TASK TO COMPLETE: Transcribe the stretch of entries below from the line with "xs z \<Longrightarrow>" through the line with "(PrimRec f g) (Suc", exactly and with both ends included; leave out all other lines.

----------

(* For all real $\varepsilon\ge0$: $\mathsf{PC}_\mathbb{R}\equiv_W\mathsf{P}_{>\varepsilon}\mathsf{C}_\mathbb{R}$, where $\mathbb R$ carries Lebesgue measure.
   Context: A represented space is a pair $(X,\delta_X)$ with $\delta_X:\subseteq\mathbb{N}^\mathbb{N}\to X$ a partial surjection; $\mathbb R$ carries its Cauchy representation. A realizer of $f:\subseteq X\rightrightarrows Y$ is a partial $F$ with $\delta_Y F(p)\in f(\delta_X(p))$ for all $p\in\mathrm{dom}(f\circ\delta_X)$. $f\le_W g$ if there are computable partial $H,K:\subseteq\mathbb{N}^\mathbb{N}\to\mathbb{N}^\mathbb{N}$ such that $p\mapsto H\langle p,GK(p)\rangle$ realizes $f$ for every realizer $G$ of $g$; $\equiv_W$ is the induced equivalence. $\mathcal{A}_-(\mathbb R)$ denotes the closed subsets of $\mathbb R$ represented by negative information (a name of $A$ enumerates rational open intervals whose union is $\mathbb R\setminus A$). For $\varepsilon\in\mathbb R$, $\mathsf{P}_{>\varepsilon}\mathsf{C}_\mathbb R:\subseteq\mathcal A_-(\mathbb R)\rightrightarrows\mathbb R$, $A\mapsto A$, is defined on closed $A$ with Lebesgue measure $\lambda(A)>\varepsilon$, and $\mathsf{PC}_\mathbb R:=\mathsf P_{>0}\mathsf C_\mathbb R$. *)

theory Defs
  imports "HOL-Analysis.Analysis" "HOL-Library.Nat_Bijection"
begin

datatype recf = Zero | Succ | Proj nat | Comp recf "recf list" | PrimRec recf recf | Mu recf

inductive eval :: "recf \<Rightarrow> nat list \<Rightarrow> nat \<Rightarrow> bool" where
  eval_Zero: "eval Zero xs 0"
| eval_Succ: "eval Succ (x # xs) (Suc x)"
| eval_Proj: "i < length xs \<Longrightarrow> eval (Proj i) xs (xs ! i)"
| eval_Comp: "length ys = length gs \<Longrightarrow> (\<forall>i<length gs. eval (gs ! i) xs (ys ! i))
     \<Longrightarrow> eval f ys z \<Longrightarrow> eval (Comp f gs) xs z"
| eval_PrimRec0: "eval f xs z \<Longrightarrow> eval (PrimRec f g) (0 # xs) z"
| eval_PrimRecS: "eval (PrimRec f g) (n # xs) y \<Longrightarrow> eval g (y # n # xs) z
     \<Longrightarrow> eval (PrimRec f g) (Suc n # xs) z"
| eval_Mu: "eval f (n # xs) 0 \<Longrightarrow> (\<forall>m<n. \<exists>y. eval f (m # xs) (Suc y))
     \<Longrightarrow> eval (Mu f) xs n"

type_synonym baire = "nat \<Rightarrow> nat"

text \<open>Type-2 computation via a partial recursive code e: the n-th output digit is
  q n iff, scanning prefixes of p of increasing length k, e answers 0 ("need more input")
  on all shorter prefixes and Suc (q n) on the prefix of length k.\<close>
definition prefix_code :: "baire \<Rightarrow> nat \<Rightarrow> nat" where
  "prefix_code p k = list_encode (map p [0..<k])"

definition computes :: "recf \<Rightarrow> baire \<Rightarrow> baire \<Rightarrow> bool" where
  "computes e p q \<longleftrightarrow> (\<forall>n. \<exists>k. eval e [n, prefix_code p k] (Suc (q n))
       \<and> (\<forall>j<k. eval e [n, prefix_code p j] 0))"

definition comp_fun :: "recf \<Rightarrow> baire \<Rightarrow> baire option" where
  "comp_fun e p = (if \<exists>q. computes e p q then Some (THE q. computes e p q) else None)"

definition pairB :: "baire \<Rightarrow> baire \<Rightarrow> baire" where
  "pairB p q n = (if even n then p (n div 2) else q (n div 2))"

text \<open>A problem f :: 'a \<Rightarrow> 'b set; its domain is {x. f x \<noteq> {}}.
  A representation is a partial map baire \<Rightarrow> 'a option.\<close>

definition realizer :: "(baire \<Rightarrow> 'a option) \<Rightarrow> (baire \<Rightarrow> 'b option) \<Rightarrow> ('a \<Rightarrow> 'b set)
    \<Rightarrow> (baire \<Rightarrow> baire option) \<Rightarrow> bool" where
  "realizer \<delta>X \<delta>Y f F \<longleftrightarrow> (\<forall>p x. \<delta>X p = Some x \<and> f x \<noteq> {} \<longrightarrow>
      (\<exists>q y. F p = Some q \<and> \<delta>Y q = Some y \<and> y \<in> f x))"

definition weihrauch_le ::
  "(baire \<Rightarrow> 'a option) \<Rightarrow> (baire \<Rightarrow> 'b option) \<Rightarrow> ('a \<Rightarrow> 'b set) \<Rightarrow>
   (baire \<Rightarrow> 'c option) \<Rightarrow> (baire \<Rightarrow> 'd option) \<Rightarrow> ('c \<Rightarrow> 'd set) \<Rightarrow> bool" where
  "weihrauch_le \<delta>X \<delta>Y f \<delta>Z \<delta>W g \<longleftrightarrow> (\<exists>eH eK. \<forall>G. realizer \<delta>Z \<delta>W g G \<longrightarrow>
      realizer \<delta>X \<delta>Y f (\<lambda>p. case comp_fun eK p of None \<Rightarrow> None
                               | Some k \<Rightarrow> (case G k of None \<Rightarrow> None
                                           | Some r \<Rightarrow> comp_fun eH (pairB p r))))"

definition weihrauch_eq ::
  "(baire \<Rightarrow> 'a option) \<Rightarrow> (baire \<Rightarrow> 'b option) \<Rightarrow> ('a \<Rightarrow> 'b set) \<Rightarrow>
   (baire \<Rightarrow> 'c option) \<Rightarrow> (baire \<Rightarrow> 'd option) \<Rightarrow> ('c \<Rightarrow> 'd set) \<Rightarrow> bool" where
  "weihrauch_eq \<delta>X \<delta>Y f \<delta>Z \<delta>W g \<longleftrightarrow>
     weihrauch_le \<delta>X \<delta>Y f \<delta>Z \<delta>W g \<and> weihrauch_le \<delta>Z \<delta>W g \<delta>X \<delta>Y f"

definition rat_dec :: "nat \<Rightarrow> real" where
  "rat_dec n = (case prod_decode n of (a, b) \<Rightarrow> real_of_int (int_decode a) / real (Suc b))"

definition delta_R :: "baire \<Rightarrow> real option" where
  "delta_R p = (if \<exists>x. \<forall>n. \<bar>rat_dec (p n) - x\<bar> \<le> (1/2) ^ n
                then Some (THE x. \<forall>n. \<bar>rat_dec (p n) - x\<bar> \<le> (1/2) ^ n) else None)"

----------

OUTPUT:
| eval_PrimRec0: "eval f xs z \<Longrightarrow> eval (PrimRec f g) (0 # xs) z"
| eval_PrimRecS: "eval (PrimRec f g) (n # xs) y \<Longrightarrow> eval g (y # n # xs) z
     \<Longrightarrow> eval (PrimRec f g) (Suc n # xs) z"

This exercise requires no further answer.